* _TRY IT_
Copy word for word, please, the lines of the entries below running from the one containing "map_pmf (\<lambda>H. (\<lambda>x." to the one containing "text \<open>The hallucinated", both ends included.

----- DATA LISTING

(* Suppose the adversary's distribution $\mathcal D_t$ of $s_t=(x_t,y_t)$ at round $t$ (given the history $s_{1:t-1}$) has $\sigma$-smooth $x$-marginal. Then for algorithm $\mathscr Q^{\mathrm{FTPL}}$ with parameter $n$, $$\chi^2\big(\mathbb E_{s_t\sim\mathcal D_t}[\mathcal Q_{t+1}],\mathcal Q_t\big)\le\frac{2}{\sigma n}.$$
   Context: $\mathcal X$ is a finite set with uniform base measure; a distribution $\mathcal D$ on $\mathcal X$ is $\sigma$-smooth if $\mathcal D(x)\le\frac{1}{\sigma|\mathcal X|}$ for all $x$. Algorithm $\mathscr Q^{\mathrm{FTPL}}$ for a class $\mathcal F\subseteq\{\mathcal X\to[0,1]\}$ with parameters $n,\alpha$: at each round $t$, draw $N^{(t)}\sim\mathrm{Poi}(n)$ and fresh i.i.d. hallucinated samples uniform on $\mathcal X\times\{0,1\}$; set $\tilde h_t=\mathrm{OPT}(\text{hallucinated samples}\cup\{s_\tau\}_{\tau<t})$, where $\mathrm{OPT}$ returns an empirical log-loss minimizer over $\mathcal F$ as a deterministic function of the data multiset; the learner's hypothesis is $h_t=\frac{\tilde h_t+\alpha}{1+2\alpha}$. $\mathcal Q_t$ is the distribution of $h_t$ given $s_{1:t-1}$, $\mathcal Q_{t+1}$ the distribution of $h_{t+1}$ given $s_{1:t}$, and $\mathbb E_{s_t\sim\mathcal D_t}[\mathcal Q_{t+1}]$ the mixture over $s_t$. $\chi^2(P,Q)=\mathbb E_Q[(dP/dQ-1)^2]$. *)

theory Defs
  imports "HOL-Probability.Probability" "HOL-Library.Multiset"
begin

definition neg_log :: "real \<Rightarrow> ereal" where
  "neg_log p = (if p \<le> 0 then \<infinity> else ereal (- ln p))"

definition log_loss :: "('x \<Rightarrow> real) \<Rightarrow> 'x \<times> bool \<Rightarrow> ereal" where
  "log_loss h s = (if snd s then neg_log (h (fst s)) else neg_log (1 - h (fst s)))"

definition emp_log_loss :: "('x \<Rightarrow> real) \<Rightarrow> ('x \<times> bool) multiset \<Rightarrow> ereal" where
  "emp_log_loss h S = sum_mset (image_mset (log_loss h) S)"

definition is_OPT :: "('x \<Rightarrow> real) set \<Rightarrow> (('x \<times> bool) multiset \<Rightarrow> ('x \<Rightarrow> real)) \<Rightarrow> bool" where
  "is_OPT F OPT \<longleftrightarrow> (\<forall>S. OPT S \<in> F \<and> (\<forall>f\<in>F. emp_log_loss (OPT S) S \<le> emp_log_loss f S))"

definition hallucinated :: "real \<Rightarrow> ('x::finite \<times> bool) multiset pmf" where
  "hallucinated n = bind_pmf (poisson_pmf n) (\<lambda>N. map_pmf mset (replicate_pmf N (pmf_of_set UNIV)))"

definition ftpl_dist ::
  "(('x::finite \<times> bool) multiset \<Rightarrow> ('x \<Rightarrow> real)) \<Rightarrow> real \<Rightarrow> real \<Rightarrow> ('x \<times> bool) list \<Rightarrow> ('x \<Rightarrow> real) pmf" where
  "ftpl_dist OPT alpha n hist =
     map_pmf (\<lambda>H. (\<lambda>x. (OPT (H + mset hist) x + alpha) / (1 + 2 * alpha))) (hallucinated n)"

definition chi2 :: "'a pmf \<Rightarrow> 'a pmf \<Rightarrow> ennreal" where
  "chi2 P Q = (if set_pmf P \<subseteq> set_pmf Q
     then \<integral>\<^sup>+ h. ennreal ((pmf P h / pmf Q h - 1)^2) \<partial>(measure_pmf Q)
     else \<top>)"

definition sigma_smooth :: "real \<Rightarrow> ('x::finite) pmf \<Rightarrow> bool" where
  "sigma_smooth \<sigma> D \<longleftrightarrow> (\<forall>x. pmf D x \<le> 1 / (\<sigma> * real CARD('x)))"

end

theory Submission
  imports Defs "HOL-Combinatorics.Multiset_Permutations"
begin

text \<open>The hallucinated multiset is a Poisson process on \<open>X \<times> {0,1}\<close> with intensity
  \<open>\<lambda> = n / (2|X|)\<close> at every point. Adding one sample drawn from \<open>D\<close> multiplies its law by the
  likelihood ratio \<open>\<Sum>\<^sub>s D(s) count\<^sub>H(s) / \<lambda>\<close>, whose second moment is \<open>1 + \<Sum>\<^sub>s D(s)\<^sup>2 / \<lambda>\<close> because
  under the shifted law the count at \<open>s\<close> has mean \<open>\<lambda> + D(s)\<close>. By \<open>\<sigma>\<close>-smoothness
  \<open>\<Sum>\<^sub>s D(s)\<^sup>2 \<le> max\<^sub>s D(s) \<le> 1/(\<sigma>|X|)\<close>, so the \<open>\<chi>\<^sup>2\<close>-divergence between the two multiset laws
  is at most \<open>2/(\<sigma>n)\<close>. The learner's hypothesis is a deterministic function of the multiset, and
  \<open>\<chi>\<^sup>2\<close> does not increase under such maps.\<close>

text \<open>The second moment \<open>E\<^sub>Q[(dP/dQ)\<^sup>2]\<close> of the likelihood ratio, written as \<open>E\<^sub>P[dP/dQ]\<close>.\<close>
definition ratio_moment :: "'a pmf \<Rightarrow> 'a pmf \<Rightarrow> ennreal" where
  "ratio_moment P Q = (\<integral>\<^sup>+ x. ennreal (pmf P x / pmf Q x) \<partial>measure_pmf P)"

lemma nn_integral_pmf_eq_1: "(\<integral>\<^sup>+ x. ennreal (pmf P x) \<partial>count_space UNIV) = 1"
  by (simp add: nn_integral_pmf measure_pmf.emeasure_space_1[simplified])

lemma chi2_plus_one:
  assumes "set_pmf P \<subseteq> set_pmf Q"
  shows "chi2 P Q + 1 = ratio_moment P Q"
proof -
  have pointwise: "ennreal (pmf Q x) * ennreal ((pmf P x / pmf Q x - 1)\<^sup>2) + 2 * ennreal (pmf P x)
      = ennreal (pmf P x) * ennreal (pmf P x / pmf Q x) + ennreal (pmf Q x)" for x
  proof -
    define p q where "p = pmf P x" and "q = pmf Q x"
    have "p \<ge> 0" "q \<ge> 0" unfolding p_def q_def by auto
    moreover have "q = 0 \<Longrightarrow> p = 0"
      using assms unfolding p_def q_def by (auto simp: set_pmf_iff)
    then have "q * (p / q - 1)\<^sup>2 + 2 * p = p * (p / q) + q"
      by (cases "q = 0") (simp_all add: field_simps power2_eq_square)
    ultimately show ?thesis
      unfolding p_def[symmetric] q_def[symmetric]
      by (metis ennreal_mult' ennreal_plus ennreal_numeral divide_nonneg_nonneg mult_nonneg_nonneg
            zero_le_power2 zero_le_numeral)
  qed
  have "chi2 P Q + 1 + 1 = (\<integral>\<^sup>+ x. ennreal (pmf Q x) * ennreal ((pmf P x / pmf Q x - 1)\<^sup>2) \<partial>count_space UNIV)
      + 2 * (\<integral>\<^sup>+ x. ennreal (pmf P x) \<partial>count_space UNIV)"
    using assms by (simp add: chi2_def nn_integral_measure_pmf nn_integral_pmf_eq_1 one_add_one add.assoc)
  also have "\<dots> = (\<integral>\<^sup>+ x. ennreal (pmf P x) * ennreal (pmf P x / pmf Q x) + ennreal (pmf Q x) \<partial>count_space UNIV)"
    by (simp add: nn_integral_add nn_integral_cmult pointwise[symmetric])
  also have "\<dots> = ratio_moment P Q + 1"
    by (simp add: nn_integral_add ratio_moment_def nn_integral_measure_pmf nn_integral_pmf_eq_1)
  finally have "1 + (chi2 P Q + 1) = 1 + ratio_moment P Q"
    by (simp only: add.commute)
  then show ?thesis
    unfolding ennreal_add_left_cancel by simp
qed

----------

* _WRITTEN ANSWER_
     map_pmf (\<lambda>H. (\<lambda>x. (OPT (H + mset hist) x + alpha) / (1 + 2 * alpha))) (hallucinated n)"

definition chi2 :: "'a pmf \<Rightarrow> 'a pmf \<Rightarrow> ennreal" where
  "chi2 P Q = (if set_pmf P \<subseteq> set_pmf Q
     then \<integral>\<^sup>+ h. ennreal ((pmf P h / pmf Q h - 1)^2) \<partial>(measure_pmf Q)
     else \<top>)"

definition sigma_smooth :: "real \<Rightarrow> ('x::finite) pmf \<Rightarrow> bool" where
  "sigma_smooth \<sigma> D \<longleftrightarrow> (\<forall>x. pmf D x \<le> 1 / (\<sigma> * real CARD('x)))"

end

theory Submission
  imports Defs "HOL-Combinatorics.Multiset_Permutations"
begin

text \<open>The hallucinated multiset is a Poisson process on \<open>X \<times> {0,1}\<close> with intensity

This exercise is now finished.